# new member!!!



## rowanred (Apr 10, 2006)

Hello all, My name is Meg and I live in Edmonton AB Canada. I have had pigeons in my life in some way or another from a very young age. My grandfather raised homing pigeons on the farm and during the summer I got to help train and care for them. I got a pet pigeon when one of my grandfathers pigeons was born with a under developed wing and could not fly. With time and exercise though he managed to get around really well. Last year Sullivan died and he is greatly missed. 

I live on a horse farm just outside of the city and my neighbour raises homing and racing pigeons. Last week I had the doors on either side of our 14 stall barn open while I was cleaning, some of the pigeons will occasionally swoop down and fly through the barn. Well there was a young pair out flying and they came into barn with the group, got disoriented and flew into the club room window. One of them hurt its wing and both were really out of it. so I put them in a carrier and headed over to the neighbours house. He basically said that he doesn't have time to deal with a bird with a messed up wing and since I am a vet tech I should just keep it. It turns out the other bird is his mate so I bought her from him as well.

So it looks like I have Pigeons again. The males wing isn't broken just damaged feathers, and he is quickly recovering. They are both adjusting to being indoor birds well. I live near our local gaming commission building and they have falcon boxes on their roof so we have lots of falcons and a pair of great horned owls living in the bushes in our far pasture. my neighbour loses birds all the time so there is no way I'm letting them out side.

If you have a pair of pigeons do they still like to interact with people as much as lone one would. so far they will land on me if I walk through the living room or sit on my bed, but they don't hang around for long. Sullivan was my little feathered shadow around the house and in the barn.

I don't have names for them yet but hopefully soon.

Well that's a bit about me and my new feathered friends, I look forward to talking to everybody and hopefully getting lots of advice about my new pair.

Meg


----------



## Pigeonpal2002 (Jul 27, 2002)

Hi Meg and welcome to the forum!

Sorry to hear about your dear Sullivan's unfortunate passing, it's always difficult to lose a dearly loved pet

Good to hear that you are once again in the company of pigeons however. Hopefully the male pigeon's wing will be fine and after some rest and TLC.

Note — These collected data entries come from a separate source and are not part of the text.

section \<open>The jump condition\<close>

definition jump_condition :: "int \<Rightarrow> (nat \<Rightarrow> int) \<Rightarrow> nat \<Rightarrow> int \<Rightarrow> bool" where
  "jump_condition n \<beta> l x \<longleftrightarrow>
     x \<le> betabar n \<beta> l \<and> x mod ee n \<beta> (l - 1) = \<beta> l mod ee n \<beta> (l - 1)"

lemma jump_condition_Suc:
  assumes "1 \<le> l" and "jump_condition n \<beta> l x"
  shows "jump_condition n \<beta> (Suc l) (x + betabar n \<beta> (Suc l) - betabar n \<beta> l)"
proof -
  have "ee n \<beta> l dvd ee n \<beta> (l - 1)"
    by (rule ee_dvd_mono) simp
  moreover have "ee n \<beta> (l - 1) dvd x - \<beta> l"
    using assms(2) by (simp add: jump_condition_def mod_eq_dvd_iff)
  ultimately have "ee n \<beta> l dvd x - \<beta> l"
    by (rule dvd_trans)
  moreover have "ee n \<beta> l dvd betabar n \<beta> l"
    using assms(1) by (rule ee_dvd_betabar)
  moreover have "x + betabar n \<beta> (Suc l) - betabar n \<beta> l - \<beta> (Suc l) =
      (x - \<beta> l) + (ee n \<beta> (l - 1) div ee n \<beta> l - 1) * betabar n \<beta> l"
    unfolding betabar_Suc[OF assms(1)] by (simp add: algebra_simps)
  ultimately have "ee n \<beta> l dvd x + betabar n \<beta> (Suc l) - betabar n \<beta> l - \<beta> (Suc l)"
    by (metis dvd_add dvd_mult)
  then show ?thesis
    using assms(2) by (simp add: jump_condition_def mod_eq_dvd_iff)
qed

lemma jump_condition_jump:
  assumes "1 \<le> a" "a < b" and "jump_condition n \<beta> a k"
  shows "jump_condition n \<beta> b (k + betabar n \<beta> b - betabar n \<beta> a)"
proof -
  have "Suc a \<le> b"
    using assms(2) by simp
  then show ?thesis
  proof (induction b rule: dec_induct)
    case base
    show ?case
      using jump_condition_Suc[OF assms(1,3)] .
  next
    case (step m)
    then have "jump_condition n \<beta> (Suc m)
        ((k + betabar n \<beta> m - betabar n \<beta> a) + betabar n \<beta> (Suc m) - betabar n \<beta> m)"
      using assms(1) by (intro jump_condition_Suc) auto
    then show ?case
      by (simp add: algebra_simps del: betabar.simps)
  qed
qed

lemma Cw_collection_jump:
  assumes "Cw_collection n g \<beta> T" "x \<in> T" "1 \<le> l" "l < g" "jump_condition n \<beta> l x"
  shows "x + betabar n \<beta> (Suc l) - betabar n \<beta> l \<in> T"
  using assms unfolding Cw_collection_def jump_condition_def by auto

lemma Cw_collection_jumps:
  assumes T: "Cw_collection n g \<beta> T" and "k \<in> T" "1 \<le> a" "a < b" "b \<le> g"
    and "jump_condition n \<beta> a k"
  shows "k + betabar n \<beta> b - betabar n \<beta> a \<in> T"
proof -
  have "Suc a \<le> b"
    using assms(4) by simp
  then show ?thesis
    using assms(5)
  proof (induction b rule: dec_induct)
    case base
    show ?case
      using Cw_collection_jump[OF T assms(2,3) _ assms(6)] base by simp
  next
    case (step m)
    let ?y = "k + betabar n \<beta> m - betabar n \<beta> a"
    have "?y + betabar n \<beta> (Suc m) - betabar n \<beta> m \<in> T"
      using step assms(3,6) by (intro Cw_collection_jump[OF T] jump_condition_jump) auto
    then show ?case
      by (simp add: algebra_simps del: betabar.simps)
  qed
qed

lemma zero_in_semigroup_branch: "0 \<in> semigroup_branch n g \<beta>"
  unfolding semigroup_branch_def by (auto intro!: exI[of _ "\<lambda>_. 0"])

lemma semigroup_branch_add:
  assumes "s \<in> semigroup_branch n g \<beta>" "t \<in> semigroup_branch n g \<beta>"
  shows "s + t \<in> semigroup_branch n g \<beta>"
proof -
  obtain c d where
    c: "s = int (c 0) * n + (\<Sum>j=1..g. int (c j) * betabar n \<beta> j)" and
    d: "t = int (d 0) * n + (\<Sum>j=1..g. int (d j) * betabar n \<beta> j)"
    using assms by (auto simp: semigroup_branch_def)
  have "s + t = int (c 0 + d 0) * n + (\<Sum>j=1..g. int (c j + d j) * betabar n \<beta> j)"
    unfolding c d by (simp add: sum.distrib algebra_simps)
  then have "\<exists>e. s + t = int (e 0) * n + (\<Sum>j=1..g. int (e j) * betabar n \<beta> j)"
    by (intro exI[of _ "\<lambda>j. c j + d j"])
  then show ?thesis
    unfolding semigroup_branch_def by simp
qed

section \<open>The C^w-hull\<close>

definition jump_set :: "int \<Rightarrow> nat \<Rightarrow> (nat \<Rightarrow> int) \<Rightarrow> int set \<Rightarrow> int set" where
  "jump_set n g \<beta> S = {k + betabar n \<beta> b - betabar n \<beta> a | k a b.
     k \<in> S \<and> 1 \<le> a \<and> a < b \<and> b \<le> g \<and> jump_condition n \<beta> a k}"

definition semigroup_translates :: "int \<Rightarrow> nat \<Rightarrow> (nat \<Rightarrow> int) \<Rightarrow> int set \<Rightarrow> int set" where
  "semigroup_translates n g \<beta> X = {x + s | x s. x \<in> X \<and> s \<in> semigroup_branch n g \<beta>}"

lemma Cw_hull_eqI:
  assumes "Cw_collection n g \<beta> T" "S \<subseteq> T"
    and "\<And>T'. Cw_collection n g \<beta> T' \<Longrightarrow> S \<subseteq> T' \<Longrightarrow> T \<subseteq> T'"
  shows "Cw_hull n g \<beta> S = T"
  using assms unfolding Cw_hull_def by blast

lemma subset_semigroup_translates: "X \<subseteq> semigroup_translates n g \<beta> X"
  unfolding semigroup_translates_def using zero_in_semigroup_branch by force

lemma semigroup_translates_subset_Cw_collection:
  assumes T: "Cw_collection n g \<beta> T" and "S \<subseteq> T"
  shows "semigroup_translates n g \<beta> (S \<union> jump_set n g \<beta> S) \<subseteq> T"
proof -
  have "jump_set n g \<beta> S \<subseteq> T"
    using Cw_collection_jumps[OF T] assms(2) unfolding jump_set_def by blast
  with T assms(2) show ?thesis
    unfolding semigroup_translates_def Cw_collection_def by blast
qed

section \<open>Consequences of the Puiseux characteristic\<close>

locale plane_branch =
  fixes n :: int and g :: nat and \<beta> :: "nat \<Rightarrow> int"
  assumes puiseux_char: "puiseux_char n g \<beta>"
begin

lemma n_ge_2: "2 \<le> n"
  using puiseux_char by (simp add: puiseux_char_def)

lemma ee_Suc_less: "l < g \<Longrightarrow> ee n \<beta> (Suc l) < ee n \<beta> l"
proof -
  assume "l < g"
  then have "Suc l \<in> {1..g}"
    by simp
  then have "ee n \<beta> (Suc l) < ee n \<beta> (Suc l - 1)"
    using puiseux_char unfolding puiseux_char_def by blast
  then show ?thesis
    by simp
qed

lemma ee_pos: "l \<le> g \<Longrightarrow> 1 \<le> ee n \<beta> l"
proof (induction l rule: inc_induct)
  case base
  show ?case
    using puiseux_char by (simp add: puiseux_char_def)
next
  case (step l)
  then show ?case
    using ee_Suc_less[of l] by simp
qed

lemma ee_quotient_ge_2:
  assumes "1 \<le> l" "l \<le> g"
  shows "2 \<le> ee n \<beta> (l - 1) div ee n \<beta> l"
proof -
  obtain q where q: "ee n \<beta> (l - 1) = ee n \<beta> l * q"
    using ee_dvd_mono[of "l - 1" l n \<beta>] by (auto elim: dvdE)
  have less: "ee n \<beta> l < ee n \<beta> (l - 1)"
    using ee_Suc_less[of "l - 1"] assms by simp
  have pos: "1 \<le> ee n \<beta> l"
    using ee_pos assms(2) .
  have "1 < q"
  proof (rule ccontr)
    assume "\<not> 1 < q"
    then have "ee n \<beta> l * q \<le> ee n \<beta> l * 1"
      using pos by (intro mult_left_mono) auto
    then show False
      using less q by simp
  qed
  then show ?thesis
    using q pos by simp
qed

Pigeons in a pair, will spend most of their time together and not as much time with their human caregiver but, they are all unique. If you spend a lot of time with these two, they could remain somewhat interested and curious with you

Well, look around the forum and if you have any other questions, we're hear and we love to talk about pigeons


----------



## Reti (Jul 20, 2003)

Sounds like those two birds couldn't have found a better home.
As Brad mentioned already, a pair will mostly spend their time together, but that doesn't mean that they won't bond to you and be your friends.
Sorry to hear about your pets passing.

Reti


----------



## naturegirl (Nov 7, 2005)

*Welcome*

Hi Meg and Welcome! Always nice to talk and meet new people as we all learn off each other here. I am sorry to hear about your sweet bird passing also, kindest regards. Looks like you have 2 new friends in your life  Congratulations! I think like Brad and Reti said time, TLC, and Love and these two will be fine. Again Welcome


----------



## Skyeking (Jan 17, 2003)

Hello and Welcome to the forum,

Thank you for rescuing this pair & sharing with us. 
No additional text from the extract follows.